* **GIVEN ENTRIES**:
lemma lpo_step_trim:
  "\<exists>u\<in>S. peel_weight f S u < density f S \<Longrightarrow> lpo_step f k \<epsilon> (False, S, t) =
    (False, S - {u \<in> S. peel_weight f S u < max t (density f S)}, t)"
  by (simp add: lpo_step_def Let_def)

lemma lpo_step_trim_exit:
  "\<not> (\<exists>u\<in>S. peel_weight f S u < density f S) \<Longrightarrow> lpo_step f k \<epsilon> (False, S, t) = (True, S, t)"
  by (simp add: lpo_step_def)

lemma lpo_step_subset: "fst (snd (lpo_step f k \<epsilon> st)) \<subseteq> fst (snd st)"
  by (cases st) (auto simp: lpo_step_def Let_def)

lemma lpo_run_0: "lpo_run f k \<epsilon> V 0 = (True, V, 0)"
  by (simp add: lpo_run_def)

lemma lpo_run_Suc: "lpo_run f k \<epsilon> V (Suc n) = lpo_step f k \<epsilon> (lpo_run f k \<epsilon> V n)"
  by (simp add: lpo_run_def)

lemma lpo_run_subset: "fst (snd (lpo_run f k \<epsilon> V n)) \<subseteq> V"
  by (induction n) (auto simp: lpo_run_0 lpo_run_Suc dest: subsetD[OF lpo_step_subset])

(* Termination measure: a main step removes a vertex and enters the trimming phase, a trimming
   step removes a vertex or returns to the main phase with the same set. *)
definition lpo_measure :: "bool \<times> 'a set \<times> real \<Rightarrow> nat" where
  "lpo_measure st = 2 * card (fst (snd st)) + (if fst st then 0 else 1)"

definition densest_subset :: "'a set \<Rightarrow> ('a set \<Rightarrow> real) \<Rightarrow> 'a set \<Rightarrow> bool" where
  "densest_subset V f D \<longleftrightarrow> D \<subseteq> V \<and> D \<noteq> {} \<and>
     (\<forall>S. S \<subseteq> V \<and> S \<noteq> {} \<longrightarrow> density f S \<le> density f D)"

locale local_peeling =
  fixes V :: "'a set" and f :: "'a set \<Rightarrow> real" and k :: nat and \<epsilon> :: real
  assumes finite_V: "finite V"
    and weight: "rank_bounded_supermodular V k f"
    and k_pos: "0 < k"
    and eps_nonneg: "0 \<le> \<epsilon>"
begin

lemma finite_subset_V: "S \<subseteq> V \<Longrightarrow> finite S"
  using finite_V finite_subset by blast

lemma weight_empty: "f {} = 0"
  and weight_nonneg: "S \<subseteq> V \<Longrightarrow> 0 \<le> f S"
  and peel_weight_mono: "A \<subseteq> B \<Longrightarrow> B \<subseteq> V \<Longrightarrow> u \<in> A \<Longrightarrow> peel_weight f A u \<le> peel_weight f B u"
  and sum_peel_weight_le: "S \<subseteq> V \<Longrightarrow> (\<Sum>u\<in>S. peel_weight f S u) \<le> real k * f S"
  using weight by (auto simp: rank_bounded_supermodular_def)

lemma density_nonneg: "S \<subseteq> V \<Longrightarrow> 0 \<le> density f S"
  by (simp add: density_def weight_nonneg)

lemma weight_eq_density: "S \<subseteq> V \<Longrightarrow> f S = density f S * card S"
  by (cases "S = {}") (auto simp: density_def weight_empty finite_subset_V)

lemma exists_small_peel_weight:
  assumes SV: "S \<subseteq> V" and "S \<noteq> {}"
  shows "\<exists>u\<in>S. peel_weight f S u \<le> real k * density f S"
proof (rule ccontr)
  assume "\<not> ?thesis"
  then have "(\<Sum>u\<in>S. real k * density f S) < (\<Sum>u\<in>S. peel_weight f S u)"
    using assms finite_subset_V by (intro sum_strict_mono) auto
  also have "\<dots> \<le> real k * f S" using sum_peel_weight_le[OF SV] .
  also have "\<dots> = (\<Sum>u\<in>S. real k * density f S)" using weight_eq_density[OF SV] by simp
  finally show False by simp
qed

lemma densest_subset_weight_le:
  assumes D: "densest_subset V f D" and TV: "T \<subseteq> V"
  shows "f T \<le> density f D * card T"
proof (cases "T = {}")
  case False
  then have "density f T \<le> density f D" using D TV by (simp add: densest_subset_def)
  then show ?thesis using weight_eq_density[OF TV] by (simp add: mult_right_mono)
qed (simp add: weight_empty)

lemma densest_subset_peel_weight_ge:
  assumes D: "densest_subset V f D" and u: "u \<in> D" and DS: "D \<subseteq> S" and SV: "S \<subseteq> V"
  shows "density f D \<le> peel_weight f S u"
proof -
  have DV: "D \<subseteq> V" using D by (simp add: densest_subset_def)
  have "card D = card (D - {u}) + 1"
    using u finite_subset_V[OF DV] by (metis card.remove Suc_eq_plus1)
  then have "density f D = f D - density f D * card (D - {u})"
    using weight_eq_density[OF DV] by (simp add: algebra_simps)
  also have "\<dots> \<le> peel_weight f D u"
    using densest_subset_weight_le[OF D, of "D - {u}"] DV by (auto simp: peel_weight_def)
  also have "\<dots> \<le> peel_weight f S u" using peel_weight_mono[OF DS SV u] .
  finally show ?thesis .
qed

lemma card_less_of_subset_remove: "S \<subseteq> V \<Longrightarrow> u \<in> S \<Longrightarrow> T \<subseteq> S - {u} \<Longrightarrow> card T < card S"
  using card_mono card_Diff1_less finite_subset_V by (metis finite_Diff le_less_trans)

lemma lpo_measure_step_less:
  assumes SV: "S \<subseteq> V" and active: "\<not> (main \<and> S = {})"
  shows "lpo_measure (lpo_step f k \<epsilon> (main, S, t)) < lpo_measure (main, S, t)"
proof (cases main)
  case True
  then have "S \<noteq> {}" using active by simp
  then obtain u where u: "u \<in> S" and small: "peel_weight f S u \<le> real k * density f S"
    using exists_small_peel_weight[OF SV] by blast
  have "0 \<le> real k * \<epsilon> * density f S" using density_nonneg[OF SV] eps_nonneg by simp
  then have "real k * density f S \<le> real k * (1 + \<epsilon>) * density f S" by (simp add: ring_distribs)
  then have "fst (snd (lpo_step f k \<epsilon> (main, S, t))) \<subseteq> S - {u}"
    using True \<open>S \<noteq> {}\<close> u small by (auto simp: lpo_step_main)
  then have "card (fst (snd (lpo_step f k \<epsilon> (main, S, t)))) < card S"
    using card_less_of_subset_remove[OF SV u] by blast
  then show ?thesis using True \<open>S \<noteq> {}\<close> by (simp add: lpo_measure_def lpo_step_main)
next
  case trimming: False
  show ?thesis
  proof (cases "\<exists>u\<in>S. peel_weight f S u < density f S")
    case True
    then obtain u where u: "u \<in> S" and "peel_weight f S u < density f S" by blast
    then have "fst (snd (lpo_step f k \<epsilon> (main, S, t))) \<subseteq> S - {u}"
      using trimming True by (auto simp: lpo_step_trim)
    then have "card (fst (snd (lpo_step f k \<epsilon> (main, S, t)))) < card S"
      using card_less_of_subset_remove[OF SV u] by blast
    then show ?thesis using trimming True by (simp add: lpo_measure_def lpo_step_trim)
  next
    case False
    then show ?thesis using trimming by (simp add: lpo_measure_def lpo_step_trim_exit)
  qed
qed

lemma lpo_run_eventually_empty: "\<exists>n. fst (snd (lpo_run f k \<epsilon> V n)) = {}"
proof -
  let ?R = "lpo_run f k \<epsilon> V"
  have "fst (snd (?R n)) = {} \<or> n + lpo_measure (?R n) \<le> lpo_measure (?R 0)" for n
  proof (induction n)
    case (Suc n)
    obtain main S t where Rn: "?R n = (main, S, t)" by (cases "?R n")
    show ?case
    proof (cases "S = {}")
      case True
      then show ?thesis using lpo_step_subset[of f k \<epsilon> "?R n"] Rn by (simp add: lpo_run_Suc)
    next
      case False
      then have "lpo_measure (?R (Suc n)) < lpo_measure (?R n)"
        using lpo_measure_step_less lpo_run_subset[of f k \<epsilon> V n] Rn by (simp add: lpo_run_Suc)
      then show ?thesis using Suc False Rn by simp
    qed
  qed simp
  from this[of "Suc (lpo_measure (?R 0))"] show ?thesis by auto
qed

lemma lpo_run_tau_max_le:
  assumes D: "densest_subset V f D"
  shows "snd (snd (lpo_run f k \<epsilon> V n)) \<le> density f D"
proof (induction n)
  case 0
  show ?case using D density_nonneg by (simp add: lpo_run_0 densest_subset_def)
next
  case (Suc n)
  obtain main S t where Rn: "lpo_run f k \<epsilon> V n = (main, S, t)" by (cases "lpo_run f k \<epsilon> V n")
  have SV: "S \<subseteq> V" using lpo_run_subset[of f k \<epsilon> V n] Rn by simp
  have t: "t \<le> density f D" using Suc Rn by simp
  show ?case
  proof (cases "main \<and> S \<noteq> {}")
    case True
    have scale: "1 \<le> real k * (1 + \<epsilon>)"
      using k_pos eps_nonneg mult_mono[of 1 "real k" 1 "1 + \<epsilon>"] by simp
    then have "density f S \<le> density f S * (real k * (1 + \<epsilon>))"
      using mult_left_mono[OF scale density_nonneg[OF SV]] by simp
    then have "density f S / (real k * (1 + \<epsilon>)) \<le> density f S"
      using scale by (simp add: divide_le_eq)
    moreover have "density f S \<le> density f D" using D SV True by (simp add: densest_subset_def)
    ultimately show ?thesis using True Rn t by (simp add: lpo_run_Suc lpo_step_main)
  next
    case False
    then show ?thesis using Rn t by (cases main) (auto simp: lpo_run_Suc lpo_step_def Let_def)
  qed
qed

lemma lpo_run_trim_keeps_densest:
  assumes D: "densest_subset V f D"
    and DS: "D \<subseteq> fst (snd (lpo_run f k \<epsilon> V n))" and trimming: "\<not> fst (lpo_run f k \<epsilon> V n)"
  shows "D \<subseteq> fst (snd (lpo_run f k \<epsilon> V (Suc n)))"
proof -
  obtain S t where Rn: "lpo_run f k \<epsilon> V n = (False, S, t)"
    using trimming by (cases "lpo_run f k \<epsilon> V n") auto
  have SV: "S \<subseteq> V" using lpo_run_subset[of f k \<epsilon> V n] Rn by simp
  have DS': "D \<subseteq> S" using DS Rn by simp
  show ?thesis
  proof (cases "\<exists>u\<in>S. peel_weight f S u < density f S")
    case True
    have "S \<noteq> {}" using D DS' by (auto simp: densest_subset_def)
    then have "max t (density f S) \<le> density f D"
      using D SV lpo_run_tau_max_le[OF D, of n] Rn by (simp add: densest_subset_def)
    then have "\<not> peel_weight f S u < max t (density f S)" if "u \<in> D" for u
      using densest_subset_peel_weight_ge[OF D that DS' SV] by linarith
    then show ?thesis using True DS' Rn by (auto simp: lpo_run_Suc lpo_step_trim)
  next
    case False
    then show ?thesis using DS' Rn by (simp add: lpo_run_Suc lpo_step_trim_exit)
  qed
qed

* **DIRECTIONS**:
Please return only the lines above, starting at the line that has "V \<Longrightarrow> 0 \<le> f" and ending at the line that has "then show ?thesis using weight_eq_density[OF", keeping both and leaving each one unchanged.

* **SOLUTION FOR THIS EXERCISE**:
  and weight_nonneg: "S \<subseteq> V \<Longrightarrow> 0 \<le> f S"
  and peel_weight_mono: "A \<subseteq> B \<Longrightarrow> B \<subseteq> V \<Longrightarrow> u \<in> A \<Longrightarrow> peel_weight f A u \<le> peel_weight f B u"
  and sum_peel_weight_le: "S \<subseteq> V \<Longrightarrow> (\<Sum>u\<in>S. peel_weight f S u) \<le> real k * f S"
  using weight by (auto simp: rank_bounded_supermodular_def)

lemma density_nonneg: "S \<subseteq> V \<Longrightarrow> 0 \<le> density f S"
  by (simp add: density_def weight_nonneg)

lemma weight_eq_density: "S \<subseteq> V \<Longrightarrow> f S = density f S * card S"
  by (cases "S = {}") (auto simp: density_def weight_empty finite_subset_V)

lemma exists_small_peel_weight:
  assumes SV: "S \<subseteq> V" and "S \<noteq> {}"
  shows "\<exists>u\<in>S. peel_weight f S u \<le> real k * density f S"
proof (rule ccontr)
  assume "\<not> ?thesis"
  then have "(\<Sum>u\<in>S. real k * density f S) < (\<Sum>u\<in>S. peel_weight f S u)"
    using assms finite_subset_V by (intro sum_strict_mono) auto
  also have "\<dots> \<le> real k * f S" using sum_peel_weight_le[OF SV] .
  also have "\<dots> = (\<Sum>u\<in>S. real k * density f S)" using weight_eq_density[OF SV] by simp
  finally show False by simp
qed

lemma densest_subset_weight_le:
  assumes D: "densest_subset V f D" and TV: "T \<subseteq> V"
  shows "f T \<le> density f D * card T"
proof (cases "T = {}")
  case False
  then have "density f T \<le> density f D" using D TV by (simp add: densest_subset_def)
  then show ?thesis using weight_eq_density[OF TV] by (simp add: mult_right_mono)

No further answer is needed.